Stored data

[Start of Attachment]

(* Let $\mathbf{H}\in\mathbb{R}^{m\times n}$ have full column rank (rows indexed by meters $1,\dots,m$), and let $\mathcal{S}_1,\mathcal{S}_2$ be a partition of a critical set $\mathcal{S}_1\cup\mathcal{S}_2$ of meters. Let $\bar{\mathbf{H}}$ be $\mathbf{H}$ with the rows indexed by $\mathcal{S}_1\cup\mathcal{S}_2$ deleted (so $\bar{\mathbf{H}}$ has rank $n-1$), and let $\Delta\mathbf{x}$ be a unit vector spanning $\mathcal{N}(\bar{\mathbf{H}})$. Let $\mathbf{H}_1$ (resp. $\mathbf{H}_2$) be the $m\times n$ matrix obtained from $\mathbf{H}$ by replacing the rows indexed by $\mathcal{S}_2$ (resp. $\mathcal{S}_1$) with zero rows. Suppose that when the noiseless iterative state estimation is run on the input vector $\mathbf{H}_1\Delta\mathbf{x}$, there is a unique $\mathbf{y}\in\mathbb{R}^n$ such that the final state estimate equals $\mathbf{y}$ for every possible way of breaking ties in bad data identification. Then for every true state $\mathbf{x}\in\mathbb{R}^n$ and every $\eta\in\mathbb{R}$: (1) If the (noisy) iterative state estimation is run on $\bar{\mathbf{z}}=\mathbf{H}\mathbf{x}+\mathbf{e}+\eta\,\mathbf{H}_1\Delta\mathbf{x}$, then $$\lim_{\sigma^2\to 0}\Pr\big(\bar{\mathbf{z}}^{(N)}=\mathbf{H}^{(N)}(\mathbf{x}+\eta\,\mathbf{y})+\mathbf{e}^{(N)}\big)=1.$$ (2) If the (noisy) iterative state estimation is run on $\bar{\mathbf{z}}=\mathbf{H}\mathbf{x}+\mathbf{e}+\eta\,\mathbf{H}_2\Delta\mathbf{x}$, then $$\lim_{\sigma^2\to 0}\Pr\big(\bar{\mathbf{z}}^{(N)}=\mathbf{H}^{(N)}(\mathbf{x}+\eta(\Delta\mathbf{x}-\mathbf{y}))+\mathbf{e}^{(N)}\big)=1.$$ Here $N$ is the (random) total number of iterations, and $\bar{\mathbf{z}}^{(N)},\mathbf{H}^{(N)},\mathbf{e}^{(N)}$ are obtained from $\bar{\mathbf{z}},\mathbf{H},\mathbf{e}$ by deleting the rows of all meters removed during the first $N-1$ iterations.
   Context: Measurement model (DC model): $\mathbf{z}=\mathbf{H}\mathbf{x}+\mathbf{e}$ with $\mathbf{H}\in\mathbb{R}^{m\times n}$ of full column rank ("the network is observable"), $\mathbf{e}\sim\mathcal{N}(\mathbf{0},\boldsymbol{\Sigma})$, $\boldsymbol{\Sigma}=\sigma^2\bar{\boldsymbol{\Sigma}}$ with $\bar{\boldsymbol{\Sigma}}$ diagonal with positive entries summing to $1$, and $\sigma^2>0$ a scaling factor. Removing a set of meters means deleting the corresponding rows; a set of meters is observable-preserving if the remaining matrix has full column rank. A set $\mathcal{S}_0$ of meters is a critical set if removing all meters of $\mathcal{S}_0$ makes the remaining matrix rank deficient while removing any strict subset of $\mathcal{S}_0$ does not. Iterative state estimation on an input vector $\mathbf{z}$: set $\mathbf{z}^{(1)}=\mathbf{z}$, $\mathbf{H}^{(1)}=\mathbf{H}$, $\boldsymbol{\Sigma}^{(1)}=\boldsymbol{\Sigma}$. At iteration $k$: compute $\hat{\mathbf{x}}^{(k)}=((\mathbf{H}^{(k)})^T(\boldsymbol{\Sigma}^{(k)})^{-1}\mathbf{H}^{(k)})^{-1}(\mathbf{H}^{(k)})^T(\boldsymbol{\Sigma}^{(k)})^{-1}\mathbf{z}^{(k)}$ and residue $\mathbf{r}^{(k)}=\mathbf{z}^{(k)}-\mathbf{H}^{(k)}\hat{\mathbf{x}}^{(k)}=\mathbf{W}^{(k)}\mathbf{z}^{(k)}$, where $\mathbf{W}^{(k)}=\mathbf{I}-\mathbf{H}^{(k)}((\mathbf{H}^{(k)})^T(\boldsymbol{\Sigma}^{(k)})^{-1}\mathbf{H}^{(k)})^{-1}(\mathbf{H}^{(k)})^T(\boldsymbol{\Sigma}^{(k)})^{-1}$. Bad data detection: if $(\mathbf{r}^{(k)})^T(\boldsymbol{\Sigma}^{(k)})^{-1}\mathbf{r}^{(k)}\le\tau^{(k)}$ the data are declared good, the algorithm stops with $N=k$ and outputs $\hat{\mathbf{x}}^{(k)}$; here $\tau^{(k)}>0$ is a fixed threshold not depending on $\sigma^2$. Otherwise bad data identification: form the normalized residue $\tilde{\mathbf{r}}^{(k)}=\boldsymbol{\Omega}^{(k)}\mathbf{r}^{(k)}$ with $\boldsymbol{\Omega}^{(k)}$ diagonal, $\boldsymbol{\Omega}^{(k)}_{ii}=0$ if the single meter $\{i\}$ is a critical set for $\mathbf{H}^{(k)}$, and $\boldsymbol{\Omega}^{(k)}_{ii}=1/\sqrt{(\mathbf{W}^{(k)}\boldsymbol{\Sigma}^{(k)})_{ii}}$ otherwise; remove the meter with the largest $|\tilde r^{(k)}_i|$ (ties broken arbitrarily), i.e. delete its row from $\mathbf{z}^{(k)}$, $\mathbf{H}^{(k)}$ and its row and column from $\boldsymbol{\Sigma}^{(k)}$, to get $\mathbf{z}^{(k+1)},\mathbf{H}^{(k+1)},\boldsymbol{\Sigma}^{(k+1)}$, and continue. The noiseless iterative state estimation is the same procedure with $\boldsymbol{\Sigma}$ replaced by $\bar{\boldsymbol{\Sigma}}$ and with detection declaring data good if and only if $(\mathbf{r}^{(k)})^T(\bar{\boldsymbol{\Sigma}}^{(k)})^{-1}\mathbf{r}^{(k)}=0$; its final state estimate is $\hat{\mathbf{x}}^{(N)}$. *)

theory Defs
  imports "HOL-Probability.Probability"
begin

[End of Attachment]
[Start of Attachment]

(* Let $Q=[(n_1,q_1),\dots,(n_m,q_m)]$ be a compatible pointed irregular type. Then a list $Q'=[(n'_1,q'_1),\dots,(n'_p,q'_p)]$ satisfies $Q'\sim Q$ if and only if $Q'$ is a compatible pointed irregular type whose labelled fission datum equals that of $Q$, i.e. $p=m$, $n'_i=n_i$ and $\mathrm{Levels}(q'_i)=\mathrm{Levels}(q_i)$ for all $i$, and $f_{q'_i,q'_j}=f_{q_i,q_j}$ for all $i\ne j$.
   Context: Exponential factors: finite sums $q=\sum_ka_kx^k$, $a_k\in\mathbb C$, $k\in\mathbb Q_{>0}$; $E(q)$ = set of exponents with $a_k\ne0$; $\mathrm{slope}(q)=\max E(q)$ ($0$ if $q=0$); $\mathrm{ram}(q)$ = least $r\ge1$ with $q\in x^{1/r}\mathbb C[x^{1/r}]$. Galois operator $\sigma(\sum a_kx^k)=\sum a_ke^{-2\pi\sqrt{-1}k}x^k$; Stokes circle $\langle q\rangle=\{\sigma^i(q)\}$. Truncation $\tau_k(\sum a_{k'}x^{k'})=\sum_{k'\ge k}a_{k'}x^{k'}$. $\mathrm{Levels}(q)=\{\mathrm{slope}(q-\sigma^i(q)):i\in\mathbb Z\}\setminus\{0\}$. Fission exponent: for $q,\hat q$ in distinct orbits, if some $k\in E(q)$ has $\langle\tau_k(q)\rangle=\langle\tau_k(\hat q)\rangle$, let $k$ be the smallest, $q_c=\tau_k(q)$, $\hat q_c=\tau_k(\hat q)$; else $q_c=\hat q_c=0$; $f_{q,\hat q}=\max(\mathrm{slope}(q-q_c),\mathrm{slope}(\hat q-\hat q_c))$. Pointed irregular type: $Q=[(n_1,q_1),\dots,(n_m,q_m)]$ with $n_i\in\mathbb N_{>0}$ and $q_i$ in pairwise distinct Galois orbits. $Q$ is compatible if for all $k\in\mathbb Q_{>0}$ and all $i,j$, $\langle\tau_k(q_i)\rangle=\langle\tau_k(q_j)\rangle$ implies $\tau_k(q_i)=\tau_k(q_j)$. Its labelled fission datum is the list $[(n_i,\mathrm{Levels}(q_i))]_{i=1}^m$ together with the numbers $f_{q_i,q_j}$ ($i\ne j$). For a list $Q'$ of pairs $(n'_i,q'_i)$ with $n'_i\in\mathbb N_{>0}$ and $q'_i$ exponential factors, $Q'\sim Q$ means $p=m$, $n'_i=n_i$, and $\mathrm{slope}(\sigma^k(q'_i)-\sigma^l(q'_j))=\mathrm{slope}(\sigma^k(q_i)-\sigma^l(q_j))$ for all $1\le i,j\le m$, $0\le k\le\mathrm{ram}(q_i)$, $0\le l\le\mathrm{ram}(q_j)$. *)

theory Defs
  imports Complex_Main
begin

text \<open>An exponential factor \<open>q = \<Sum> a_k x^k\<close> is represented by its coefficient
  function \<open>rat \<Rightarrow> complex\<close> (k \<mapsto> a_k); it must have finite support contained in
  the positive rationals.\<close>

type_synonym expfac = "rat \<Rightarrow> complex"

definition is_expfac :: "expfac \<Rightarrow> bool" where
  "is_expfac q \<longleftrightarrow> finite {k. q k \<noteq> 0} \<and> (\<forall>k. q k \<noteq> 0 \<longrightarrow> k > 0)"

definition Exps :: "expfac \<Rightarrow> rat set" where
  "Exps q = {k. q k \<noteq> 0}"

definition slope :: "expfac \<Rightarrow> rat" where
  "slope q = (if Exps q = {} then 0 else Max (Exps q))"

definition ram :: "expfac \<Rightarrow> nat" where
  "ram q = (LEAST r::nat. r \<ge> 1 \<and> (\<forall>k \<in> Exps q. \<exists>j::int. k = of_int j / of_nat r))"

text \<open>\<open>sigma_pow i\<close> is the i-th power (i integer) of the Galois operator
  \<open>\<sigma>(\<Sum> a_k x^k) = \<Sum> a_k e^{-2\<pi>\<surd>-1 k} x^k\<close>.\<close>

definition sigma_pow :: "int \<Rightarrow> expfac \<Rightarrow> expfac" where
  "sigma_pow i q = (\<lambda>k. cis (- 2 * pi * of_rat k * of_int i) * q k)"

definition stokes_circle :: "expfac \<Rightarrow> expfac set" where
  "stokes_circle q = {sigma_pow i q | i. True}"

[End of Attachment]

Whenever the word "close" shows up in a line of the entries above, copy that line.

text \<open>An exponential factor \<open>q = \<Sum> a_k x^k\<close> is represented by its coefficient
  function \<open>rat \<Rightarrow> complex\<close> (k \<mapsto> a_k); it must have finite support contained in
  the positive rationals.\<close>
text \<open>\<open>sigma_pow i\<close> is the i-th power (i integer) of the Galois operator
  \<open>\<sigma>(\<Sum> a_k x^k) = \<Sum> a_k e^{-2\<pi>\<surd>-1 k} x^k\<close>.\<close>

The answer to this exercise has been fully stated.